Metabolic Syndrome is a cluster of conditions (increased blood pressure, high blood sugar, excess body fat around the waist, and abnormal cholesterol or triglyceride levels) that occur together, increasing your risk of heart disease, stroke and diabetes.

Weight Loss Medicine

Obesity and Weight Loss

Being overweight or obese predisposes an individual to many medical problems including diabetes, high blood pressure, heart disease, stroke, depression and some types of cancer. In the United States, the frequency of these conditions is increasing at epidemic rates.

Dr. Anbar Ahmad and the Experts at North Georgia Endocrinology work closely with dietitians, exercise physiologists, behavioral therapists and bariatric surgeons as part of the Comprehensive Weight Loss Center to help patients achieve realistic weight-loss goals and improve health.

Diagnosing Obesity

Obesity is diagnosed using a formula based on height and weight called the body mass index (BMI). Several online BMI calculators are available. Higher BMIs are associated with greater risk of health problems. A normal BMI is 18.5 to 24.9. Adults with a BMI of 30 or more are considered obese. Measuring waist circumference can also be helpful in determining risk of obesity-related diseases.

While many people have a genetic predisposition to obesity, the multidisciplinary team can identify other causes and monitor for complications. These secondary conditions, which frequently have endocrine causes, can be identified through a careful medical history, physical exam, blood tests, saliva tests and X-rays, if needed.
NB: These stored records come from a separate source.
lemma hmap_first_half:
  assumes "{w, a} \<in> E" "w \<noteq> a" "w \<noteq> c" "a \<noteq> c"
    and "0 < L {w, a}" "0 < L {w, c}"
    and p: "on_edge (line_edges E) (line_len L) p {w, a} {w, c}"
    and half: "pos (line_len L) p {w, a} {w, c} \<le> L {w, a} / 2"
  shows "on_edge E L (hmap L p) w a
    \<and> pos L (hmap L p) w a = L {w, a} / 2 - pos (line_len L) p {w, a} {w, c}"
proof -
  have ef: "{w, a} \<noteq> {w, c}" using assms by (auto simp: doubleton_eq_iff)
  have len: "line_len L {{w, a}, {w, c}} = L {w, a} / 2 + L {w, c} / 2"
    using ef by (simp add: line_len_def)
  from p consider "p = Vtx {w, a}" | "p = Vtx {w, c}"
    | t where "0 < t" "t < line_len L {{w, a}, {w, c}}" "p = Mid {w, a} {w, c} t"
    | t where "0 < t" "t < line_len L {{w, a}, {w, c}}" "p = Mid {w, c} {w, a} t"
    unfolding on_edge_def by blast
  then show ?thesis
  proof cases
    case 1
    then show ?thesis using edge_mid_on_edge[of w a E L] assms(1,2,5) by (simp add: pos_def)
  next
    case 2
    then show ?thesis using half ef len assms(6) by (simp add: pos_def)
  next
    case (3 t)
    then show ?thesis using half ef len assms(1,2)
      unfolding 3(3) hmap_Mid_adjacent_edges[OF assms(2-4)] by (auto simp: pos_def on_edge_def)
  next
    case (4 t)
    then show ?thesis using half ef len assms(1,2)
      unfolding 4(3) hmap_Mid_adjacent_edges[OF assms(3,2) assms(4)[symmetric]]
      by (auto simp: pos_def on_edge_def)
  qed
qed

lemma hmap_second_half:
  assumes "{w, c} \<in> E" "w \<noteq> a" "w \<noteq> c" "a \<noteq> c"
    and "0 < L {w, a}" "0 < L {w, c}"
    and p: "on_edge (line_edges E) (line_len L) p {w, a} {w, c}"
    and half: "L {w, a} / 2 \<le> pos (line_len L) p {w, a} {w, c}"
  shows "on_edge E L (hmap L p) w c
    \<and> pos L (hmap L p) w c = pos (line_len L) p {w, a} {w, c} - L {w, a} / 2"
proof -
  \<comment> \<open>Seen from V_f instead of V_e, this is the first half with a and c exchanged.\<close>
  have "{w, a} \<noteq> {w, c}" using assms by (auto simp: doubleton_eq_iff)
  then have len: "line_len L {{w, c}, {w, a}} = L {w, a} / 2 + L {w, c} / 2"
    by (simp add: line_len_def)
  have p': "on_edge (line_edges E) (line_len L) p {w, c} {w, a}"
    using p by (simp add: on_edge_commute)
  have "pos (line_len L) p {w, c} {w, a}
      = line_len L {{w, c}, {w, a}} - pos (line_len L) p {w, a} {w, c}"
    using pos_commute[OF p] by (simp add: insert_commute)
  with len half have "pos (line_len L) p {w, c} {w, a} \<le> L {w, c} / 2"
    and "L {w, c} / 2 - pos (line_len L) p {w, c} {w, a}
      = pos (line_len L) p {w, a} {w, c} - L {w, a} / 2"
    by simp_all
  with hmap_first_half[OF assms(1,3,2) assms(4)[symmetric] assms(6,5) p'] show ?thesis
    by simp
qed

lemma line_edge_adjacent_edges:
  assumes "simple_graph V E" "{e, f} \<in> line_edges E" "e \<noteq> f"
  obtains w a c where "e = {w, a}" "f = {w, c}" "{w, a} \<in> E" "{w, c} \<in> E"
    "w \<noteq> a" "w \<noteq> c" "a \<noteq> c"
proof -
  have ef: "e \<in> E" "f \<in> E" "e \<inter> f \<noteq> {}"
    using assms(2) unfolding line_edges_def by (auto simp: doubleton_eq_iff)
  with assms(1) obtain u v x y where "e = {u, v}" "u \<noteq> v" "f = {x, y}" "x \<noteq> y"
    unfolding simple_graph_def by meson
  with assms(3) ef(3) have "\<exists>w a c. e = {w, a} \<and> f = {w, c} \<and> w \<noteq> a \<and> w \<noteq> c \<and> a \<noteq> c"
    by (auto simp: insert_commute)
  with ef that show ?thesis by blast
qed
Secondary causes of obesity include:

  • Hypothyroidism and hyperthyroidism
  • Cushing syndrome/Cushing’s disease
  • Insulinoma
  • Brain trauma or brain tumors
  • Medications
  • Sleep disorders
  • Rare congenital obesity syndromes, including:
    • Prader-Willi syndrome
    • Bardet-Biedl syndrome
  • Lipodystrophy syndromes (abnormal deposits of fat tissue), including:
    • Congenital generalized (no fat on the body since birth)
    • Familial partial (fat only in certain areas)
    • Acquired generalized (diffuse loss of fat)
    • Acquired partial (loss of fat only in certain areas)
    • Acquired lipodystrophy in HIV-infected patients

The specialists at North Georgia Endocrinology will work to find the best treatment options for you and your condition. Schedule an appointment with Dr. Anbar Ahmad to find a treatment plan that works for you.

Transgender

Transgender Health

Gender dysphoria is the stress and anguish that a person feels when the gender they identify with is incongruent with their biological sex. There are many forms of gender expression that can range from dressing differently to hormone therapy to gender reassignment surgery. Our priority is to provide a safe space to help you in your transition. We will work with you to find the therapy that works for you, and we will support you every step of the way.